A desmistificação da docência no campo da vocação e/ou sacerdócio e, pois, sua inserção enquanto profissão passa por um longo caminho, conforme observado, de avanços e retrocessos. E a construção da identidade do professor enquanto profissional ainda é objeto de disputas e lutas pela consolidação de direitos estabelecidos na legislação brasileira pós CF/88.

Reses (2012, p. 428-429) indica que:

A constituição do magistério como uma “semi-profissão” merece algumas observações críticas. Em primeiro lugar, é necessário como assinala Bourdieu (1990;1991), escarparmos aos limites e ambiguidades que a expressão “profissão” carrega. Definir um agente social como possuidor de uma profissão é reconhecer que este é detentor de uma identidade socialmente dada por sua relação histórica com as formas específicas de trabalho e não pelo “simples” exercício desta forma de trabalho.

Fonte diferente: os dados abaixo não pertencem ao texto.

(* Let $\mathcal{R}=(\mathcal{F},R)$ be a 3-DCTRS. If for every rule $\ell\to r\Leftarrow c$ in $R$ the partial grounding $c^{\downarrow \mathrm{Var}(\ell)}$ of $c$ is $\overline{\mathcal{R}}$-feasible, then the transformation $\mathcal{U}$ preserves $\to_{\mathcal{R}}$-irreducibility of $\mathcal{R}$.
   Context: An oriented CTRS $\mathcal{R}=(\mathcal{F},R)$ has rules $\ell\to r\Leftarrow s_1\approx t_1,\dots,s_n\approx t_n$ ($\ell$ not a variable) where conditions are reachability tests: $s\to_{\mathcal{R}}t$ iff there are a rule, a position $p$ and a substitution $\sigma$ with $s|_p=\sigma(\ell)$, $\sigma(s_j)\to^*_{\mathcal{R}}\sigma(t_j)$ for all $j$, and $t=s[\sigma(r)]_p$. It is deterministic (a DCTRS) if for each rule and $1\le i\le n$, $\mathrm{Var}(s_i)\subseteq\mathrm{Var}(\ell)\cup\bigcup_{j<i}\mathrm{Var}(t_j)$; it is a 3-CTRS if $\mathrm{Var}(r)\subseteq\mathrm{Var}(\ell)\cup\mathrm{Var}(c)$ for each rule. The theory $\overline{\mathcal{R}}$ is the first-order theory axiomatizing $\to$ and $\to^*$ (reflexivity of $\to^*$, $x\to y\wedge y\to^* z\Rightarrow x\to^*z$, closure of $\to$ under all argument positions, each rule as the implication $s_1\to^*t_1\wedge\dots\wedge s_n\to^* t_n\Rightarrow \ell\to r$), so that $\overline{\mathcal{R}}\vdash s\to^* t$ iff $s\to^*_{\mathcal{R}}t$. For a set $V$ of variables, the partial grounding $c^{\downarrow V}$ replaces every variable $x\in V$ occurring in $c$ by a fresh constant $c_x$ (distinct variables giving distinct constants not in $\mathcal{F}$). A sequence of conditions $s_1\approx t_1,\dots,s_n\approx t_n$ is $\overline{\mathcal{R}}$-feasible if there is a substitution $\sigma$ with $\overline{\mathcal{R}}\vdash\sigma(s_j)\to^*\sigma(t_j)$ for all $j$. Transformation $\mathcal{U}$: each conditional rule $\alpha:\ell\to r\Leftarrow s_1\approx t_1,\dots,s_n\approx t_n$ ($n\ge1$) becomes $\ell\to U^\alpha_1(s_1,\vec x_1)$, $U^\alpha_{i-1}(t_{i-1},\vec x_{i-1})\to U^\alpha_i(s_i,\vec x_i)$ ($2\le i\le n$), $U^\alpha_n(t_n,\vec x_n)\to r$, with fresh symbols $U^\alpha_i$ and $\vec x_i$ a sequence of the variables in $\mathrm{Var}(\ell)\cup\mathrm{Var}(t_1)\cup\dots\cup\mathrm{Var}(t_{i-1})$; unconditional rules are kept; $\mathcal{U}(\mathcal{R})$ is the resulting TRS. $\mathcal{U}$ preserves $\to_{\mathcal{R}}$-irreducibility if every $\to_{\mathcal{R}}$-irreducible term over $\mathcal{F}$ and variables is $\to_{\mathcal{U}(\mathcal{R})}$-irreducible. *)

theory Defs
  imports Main
begin

datatype ('f, 'v) "term" = Var 'v | Fun 'f "('f, 'v) term list"

primrec vars_term :: "('f, 'v) term \<Rightarrow> 'v set" where
  "vars_term (Var x) = {x}"
| "vars_term (Fun f ts) = \<Union> (set (map vars_term ts))"

primrec funas_term :: "('f, 'v) term \<Rightarrow> ('f \<times> nat) set" where
  "funas_term (Var x) = {}"
| "funas_term (Fun f ts) = insert (f, length ts) (\<Union> (set (map funas_term ts)))"

primrec subst :: "('v \<Rightarrow> ('f, 'w) term) \<Rightarrow> ('f, 'v) term \<Rightarrow> ('f, 'w) term" where
  "subst \<sigma> (Var x) = \<sigma> x"
| "subst \<sigma> (Fun f ts) = Fun f (map (subst \<sigma>) ts)"

primrec map_funs :: "('f \<Rightarrow> 'g) \<Rightarrow> ('f, 'v) term \<Rightarrow> ('g, 'v) term" where
  "map_funs h (Var x) = Var x"
| "map_funs h (Fun f ts) = Fun (h f) (map (map_funs h) ts)"

text \<open>A conditional rule  l \<rightarrow> r \<Leftarrow> s1 \<approx> t1, ..., sn \<approx> tn  is the triple (l, r, [(s1,t1),...,(sn,tn)]).
  Unconditional rules have the empty condition list.\<close>
type_synonym ('f, 'v) crule =
  "('f, 'v) term \<times> ('f, 'v) term \<times> (('f, 'v) term \<times> ('f, 'v) term) list"

text \<open>These clauses are exactly the axioms of the theory R-bar (reflexivity of \<rightarrow>*,
  x \<rightarrow> y \<and> y \<rightarrow>* z \<Rightarrow> x \<rightarrow>* z, closure of \<rightarrow> under argument positions, and each rule as an
  implication), so derivability in R-bar coincides with these predicates.\<close>
inductive rstep :: "('f, 'v) crule set \<Rightarrow> ('f, 'v) term \<Rightarrow> ('f, 'v) term \<Rightarrow> bool"
  and rsteps :: "('f, 'v) crule set \<Rightarrow> ('f, 'v) term \<Rightarrow> ('f, 'v) term \<Rightarrow> bool"
  for R :: "('f, 'v) crule set" where
  rule: "(l, r, cs) \<in> R \<Longrightarrow>
         (\<forall>j < length cs. rsteps R (subst \<sigma> (fst (cs ! j))) (subst \<sigma> (snd (cs ! j)))) \<Longrightarrow>
         rstep R (subst \<sigma> l) (subst \<sigma> r)"
| ctxt: "rstep R s t \<Longrightarrow> rstep R (Fun f (ss @ s # ts)) (Fun f (ss @ t # ts))"
| refl: "rsteps R s s"
| step: "rstep R s u \<Longrightarrow> rsteps R u t \<Longrightarrow> rsteps R s t"

definition irreducible :: "('f, 'v) crule set \<Rightarrow> ('f, 'v) term \<Rightarrow> bool" where
  "irreducible R t \<longleftrightarrow> \<not> (\<exists>u. rstep R t u)"

definition ctrs_over :: "('f \<times> nat) set \<Rightarrow> ('f, 'v) crule set \<Rightarrow> bool" where
  "ctrs_over F R \<longleftrightarrow> (\<forall>(l, r, cs) \<in> R.
     (\<exists>f ts. l = Fun f ts) \<and>
     funas_term l \<subseteq> F \<and> funas_term r \<subseteq> F \<and>
     (\<forall>j < length cs. funas_term (fst (cs ! j)) \<subseteq> F \<and> funas_term (snd (cs ! j)) \<subseteq> F))"

definition deterministic :: "('f, 'v) crule set \<Rightarrow> bool" where
  "deterministic R \<longleftrightarrow> (\<forall>(l, r, cs) \<in> R. \<forall>i < length cs.
     vars_term (fst (cs ! i)) \<subseteq> vars_term l \<union> (\<Union>j < i. vars_term (snd (cs ! j))))"

definition type3 :: "('f, 'v) crule set \<Rightarrow> bool" where
  "type3 R \<longleftrightarrow> (\<forall>(l, r, cs) \<in> R.
     vars_term r \<subseteq> vars_term l \<union> (\<Union>j < length cs. vars_term (fst (cs ! j)) \<union> vars_term (snd (cs ! j))))"

definition three_dctrs :: "('f \<times> nat) set \<Rightarrow> ('f, 'v) crule set \<Rightarrow> bool" where
  "three_dctrs F R \<longleftrightarrow> ctrs_over F R \<and> deterministic R \<and> type3 R"

text \<open>Function symbols extended by fresh constants: Inl f is an original symbol, Inr x is the
  fresh constant c_x (distinct variables give distinct constants, none in F).\<close>
definition lift_crule :: "('f, 'v) crule \<Rightarrow> ('f + 'v, 'v) crule" where
  "lift_crule = (\<lambda>(l, r, cs). (map_funs Inl l, map_funs Inl r,
                   map (\<lambda>(s, t). (map_funs Inl s, map_funs Inl t)) cs))"

definition partial_ground :: "'v set \<Rightarrow> ('f, 'v) term \<Rightarrow> ('f + 'v, 'v) term" where
  "partial_ground V t = subst (\<lambda>x. if x \<in> V then Fun (Inr x) [] else Var x) (map_funs Inl t)"

definition partial_ground_conds ::
  "'v set \<Rightarrow> (('f, 'v) term \<times> ('f, 'v) term) list \<Rightarrow> (('f + 'v, 'v) term \<times> ('f + 'v, 'v) term) list" where
  "partial_ground_conds V cs = map (\<lambda>(s, t). (partial_ground V s, partial_ground V t)) cs"

definition feasible :: "('g \<times> nat) set \<Rightarrow> ('g, 'v) crule set \<Rightarrow> (('g, 'v) term \<times> ('g, 'v) term) list \<Rightarrow> bool" where
  "feasible G R cs \<longleftrightarrow> (\<exists>\<sigma>. (\<forall>x. funas_term (\<sigma> x) \<subseteq> G) \<and>
     (\<forall>j < length cs. rsteps R (subst \<sigma> (fst (cs ! j))) (subst \<sigma> (snd (cs ! j)))))"

text \<open>The theory R-bar of (F,R), extended by the fresh constants c_x for x \<in> V:
  feasibility of the partial grounding c^{\<down>V}.\<close>
definition ground_feasible :: "('f \<times> nat) set \<Rightarrow> ('f, 'v) crule set \<Rightarrow> 'v set \<Rightarrow>
    (('f, 'v) term \<times> ('f, 'v) term) list \<Rightarrow> bool" where
  "ground_feasible F R V cs \<longleftrightarrow>
     feasible ((\<lambda>(f, n). (Inl f, n)) ` F \<union> {(Inr x, 0) | x. x \<in> V})
              (lift_crule ` R) (partial_ground_conds V cs)"

datatype ('f, 'v) usym = Orig 'f | Usym "('f, 'v) crule" nat

definition U_vars_ok :: "('f, 'v) crule set \<Rightarrow> (('f, 'v) crule \<Rightarrow> nat \<Rightarrow> 'v list) \<Rightarrow> bool" where
  "U_vars_ok R xs \<longleftrightarrow> (\<forall>(l, r, cs) \<in> R. \<forall>i. 1 \<le> i \<and> i \<le> length cs \<longrightarrow>
     distinct (xs (l, r, cs) i) \<and>
     set (xs (l, r, cs) i) = vars_term l \<union> (\<Union>j < i - 1. vars_term (snd (cs ! j))))"

definition U_trans :: "('f, 'v) crule set \<Rightarrow> (('f, 'v) crule \<Rightarrow> nat \<Rightarrow> 'v list) \<Rightarrow>
    (('f, 'v) usym, 'v) crule set" where
  "U_trans R xs =
     {(map_funs Orig l, map_funs Orig r, []) | l r. (l, r, []) \<in> R}
   \<union> {(map_funs Orig l,
       Fun (Usym (l, r, cs) 1) (map_funs Orig (fst (cs ! 0)) # map Var (xs (l, r, cs) 1)), [])
      | l r cs. (l, r, cs) \<in> R \<and> cs \<noteq> []}
   \<union> {(Fun (Usym (l, r, cs) i) (map_funs Orig (snd (cs ! (i - 1))) # map Var (xs (l, r, cs) i)),
       Fun (Usym (l, r, cs) (Suc i)) (map_funs Orig (fst (cs ! i)) # map Var (xs (l, r, cs) (Suc i))), [])
      | l r cs i. (l, r, cs) \<in> R \<and> 1 \<le> i \<and> i < length cs}
   \<union> {(Fun (Usym (l, r, cs) (length cs))
         (map_funs Orig (snd (cs ! (length cs - 1))) # map Var (xs (l, r, cs) (length cs))),
       map_funs Orig r, [])
      | l r cs. (l, r, cs) \<in> R \<and> cs \<noteq> []}"

definition U_preserves_irreducibility ::
  "('f \<times> nat) set \<Rightarrow> ('f, 'v) crule set \<Rightarrow> (('f, 'v) crule \<Rightarrow> nat \<Rightarrow> 'v list) \<Rightarrow> bool" where
  "U_preserves_irreducibility F R xs \<longleftrightarrow>
     (\<forall>t. funas_term t \<subseteq> F \<longrightarrow> irreducible R t \<longrightarrow> irreducible (U_trans R xs) (map_funs Orig t))"

end

theory Submission
  imports Defs
begin

text \<open>Only rules of U(R) whose left-hand side is built from original symbols can rewrite a term
  over F; these are the rules l -> r and l -> U_1(s_1, x_1) coming from rules l -> r <= c of R.
  So if U(R) rewrites t, some instance \<sigma>(l) of a left-hand side of R occurs in t. Feasibility of
  the partial grounding of c on Var(l) yields a derivation in the theory of R extended by the
  fresh constants c_x; replacing every c_x by \<sigma>(x) turns it into a derivation in R itself, i.e.
  into a substitution that agrees with \<sigma> on Var(l) and satisfies c. Hence \<sigma>(l), and thus t,
  is also R-reducible.\<close>

lemma rsteps_trans: "rsteps R s u \<Longrightarrow> rsteps R u t \<Longrightarrow> rsteps R s t"
  by (induction rule: rstep_rsteps.inducts(2)[where ?P1.0="\<lambda>_ _. True"])
     (auto intro: rstep_rsteps.step)

lemma rsteps_ctxt: "rsteps R s t \<Longrightarrow> rsteps R (Fun f (ss @ s # ts)) (Fun f (ss @ t # ts))"
  by (induction rule: rstep_rsteps.inducts(2)[where ?P1.0="\<lambda>_ _. True"])
     (auto intro: rstep_rsteps.intros)

lemma rstep_imp_rsteps: "rstep R s t \<Longrightarrow> rsteps R s t"
  by (auto intro: rstep_rsteps.step rstep_rsteps.refl)

lemma rstep_arg:
  assumes "rstep R (ts ! n) u" and "n < length ts"
  shows "rstep R (Fun f ts) (Fun f (ts[n := u]))"
  using rstep_rsteps.ctxt[OF assms(1), of f "take n ts" "drop (Suc n) ts"] assms(2)
  by (simp add: id_take_nth_drop[symmetric] upd_conv_take_nth_drop)

lemma subst_cong: "(\<And>x. x \<in> vars_term t \<Longrightarrow> \<sigma> x = \<tau> x) \<Longrightarrow> subst \<sigma> t = subst \<tau> t"
  by (induction t) auto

Um dos caminhos que podem ser definidos para o alcance do reconhecimento social da docência enquanto profissão, e não como vocação ou sacerdócio, ocorre por intermédio da organização dos trabalhadores como categoria, como classe, via sindicatos representativos dos mesmos na definição identitária do caráter da profissão docente, mesmo que essa representação ou organização ainda não dê conta de concentrar a totalidade dos interessados, no caso, os docentes.

Reses (2012, p. 447) acrescenta que:

O professor viveu/vive a contradição, a ambiguidade, da definição sobre o caráter de sua profissão. Este foi um dos fatores que gerou dificuldade na organização sindical destes profissionais. Se tendencialmente autônomos, se orgânicos às classes subalternas, se politicamente compromissados com a transformação das estruturas sociais e se “proletarizados”, por que os professores estariam sendo incapazes de reverter a posição em que hoje se encontram, sobretudo, em sociedades do tipo da brasileira?

As dificuldades de definição do caráter da profissão docente ocorrem em grau semelhante à dificuldade de organização sindical desses trabalhadores, sobretudo se considerarmos o processo histórico de construção da mesma vivenciada na sociedade ocidental moderna.

Miranda (2009, p. 7) faz a seguinte observação, sobre esse fato:

A trajetória que nos é possível observar, do sacerdócio à sindicalização, indica que a categoria docente se construiu enquanto classe, pois assim se organiza e se reconhece, o que não torna possível identificar uma forma homogênea de ação política.

As dificuldades apresentadas na mudança de paradigma, de olhar sobre a docência enquanto vocação-sacerdócio para uma profissão reconhecida e valorizada socialmente, nos mesmos níveis de outras profissões de nível superior, tem sido objeto de reflexão e luta docente constante, ainda que não seja da totalidade de docentes, por meio da construção de uma política de remuneração que considere, dentre outros aspectos, docência como uma profissão valorizada, em se tratando de remuneração.